## Source information
lemma remove_from_blocks_in_labeled_partitions_on:
  assumes q: "q \<in> labeled_partitions_on m (insert a A) L r" "{a} \<notin> blocks q"
    and Y0: "Y0 \<in> blocks q" "a \<in> Y0" and A: "finite A" "a \<notin> A"
  defines "X \<equiv> Y0 - {a}"
  shows "map_blocks (\<lambda>Y. Y - {a}) q \<in> labeled_partitions_on m A L r"
    and "X \<in> blocks (map_blocks (\<lambda>Y. Y - {a}) q)" and "card X < m"
    and "map_blocks (insert_into_block a X) (map_blocks (\<lambda>Y. Y - {a}) q) = q"
proof -
  let ?g = "\<lambda>Y. Y - {a}"
  have others: "a \<notin> Y \<and> Y \<noteq> X" if "Y \<in> blocks q" "Y \<noteq> Y0" for Y
  proof -
    have "Y \<inter> Y0 = {}"
      using partition_onD2[OF labeled_partitions_on_partition_on[OF q(1)]] that Y0(1)
      by (auto simp: disjoint_def)
    moreover have "Y \<noteq> {}" using labeled_partitions_on_block[OF q(1) that(1)] by blast
    ultimately show ?thesis using Y0(2) unfolding X_def by blast
  qed
  have Y0_sub: "Y0 \<subseteq> insert a A" "Y0 \<noteq> {a}" "finite Y0"
    using labeled_partitions_on_block[OF q(1) Y0(1)] q(2) Y0(1) A(1) finite_subset by auto
  have X_sub: "X \<subseteq> A" "X \<noteq> {}" using Y0_sub Y0(2) A(2) unfolding X_def by auto
  have cancel: "insert_into_block a X (?g Y) = Y" if "Y \<in> blocks q" for Y
    using others[OF that] Y0(2) by (cases "Y = Y0") (auto simp: insert_into_block_def X_def)
  then show "map_blocks (insert_into_block a X) (map_blocks ?g q) = q"
    by (rule map_blocks_cancel)
  have image_eq: "?g ` blocks q = insert X (blocks q - {Y0})"
  proof -
    have "?g ` blocks q = insert (?g Y0) (?g ` (blocks q - {Y0}))" using Y0(1) by blast
    also have "?g ` (blocks q - {Y0}) = blocks q - {Y0}"
      using others by (auto intro!: image_cong[where g = id, simplified])
    finally show ?thesis unfolding X_def .
  qed
  have nin: "X \<notin> blocks q - {Y0}" using others by blast
  have "partition_on (insert a A - Y0) (blocks q - {Y0})"
    using partition_on_Diff_block[OF Y0(1) labeled_partitions_on_partition_on[OF q(1)]] .
  moreover have "insert a A - Y0 = A - X" using A(2) Y0(2) unfolding X_def by auto
  ultimately have part: "partition_on A (?g ` blocks q)"
    unfolding image_eq partition_on_insert_iff[OF nin] using X_sub by auto
  have "inj_on ?g (blocks q)"
    using cancel by (rule inj_on_inverseI)
  moreover have "card (?g Y) \<le> m" if "Y \<in> blocks q" for Y
  proof -
    have "finite Y" using labeled_partitions_on_block[OF q(1) that] A(1) finite_subset by auto
    then show ?thesis
      using card_Diff1_le[of Y a] labeled_partitions_on_card_block[OF q(1) that] by linarith
  qed
  ultimately show "map_blocks ?g q \<in> labeled_partitions_on m A L r"
    using map_blocks_in_labeled_partitions_on[OF q(1) _ part] by blast
  show "X \<in> blocks (map_blocks ?g q)" using Y0(1) unfolding X_def by simp
  have "card X < card Y0" unfolding X_def using Y0_sub(3) Y0(2) by (rule card_Diff1_less)
  then show "card X < m" using labeled_partitions_on_card_block[OF q(1) Y0(1)] by linarith
qed

lemma remove_from_blocks_insert_into_block:
  assumes "\<forall>Y \<in> blocks p. a \<notin> Y"
  shows "map_blocks (\<lambda>Y. Y - {a}) (map_blocks (insert_into_block a X) p) = p"
  by (rule map_blocks_cancel) (use assms in \<open>auto simp: insert_into_block_def\<close>)

lemma map_blocks_insert_into_block_inject:
  assumes a: "\<forall>Y \<in> blocks p. a \<notin> Y" "\<forall>Y \<in> blocks p'. a \<notin> Y"
    and X: "X \<in> blocks p" "X' \<in> blocks p'"
    and eq: "map_blocks (insert_into_block a X) p = map_blocks (insert_into_block a X') p'"
  shows "p = p' \<and> X = X'"
proof -
  have "p = p'"
    using remove_from_blocks_insert_into_block[OF a(1), of X]
      remove_from_blocks_insert_into_block[OF a(2), of X'] eq by simp
  have "insert a X \<in> insert_into_block a X ` blocks p"
    by (rule image_eqI[of _ _ X]) (simp_all add: insert_into_block_def X(1))
  then have "insert a X \<in> insert_into_block a X' ` blocks p'"
    using eq by (metis blocks_map_blocks)
  then obtain Y where "Y \<in> blocks p'" "insert a X = insert_into_block a X' Y" by blast
  then have "insert a X = insert a X'"
    using a(2) by (cases "Y = X'") (auto simp: insert_into_block_def)
  then have "X = X'" using insert_ident[of a X X'] a X by simp
  with \<open>p = p'\<close> show ?thesis ..
qed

## What to produce
Search the entries above for "assumes". Show every line that has it.

## Answer section
  assumes q: "q \<in> labeled_partitions_on m (insert a A) L r" "{a} \<notin> blocks q"
  assumes "\<forall>Y \<in> blocks p. a \<notin> Y"
  assumes a: "\<forall>Y \<in> blocks p. a \<notin> Y" "\<forall>Y \<in> blocks p'. a \<notin> Y"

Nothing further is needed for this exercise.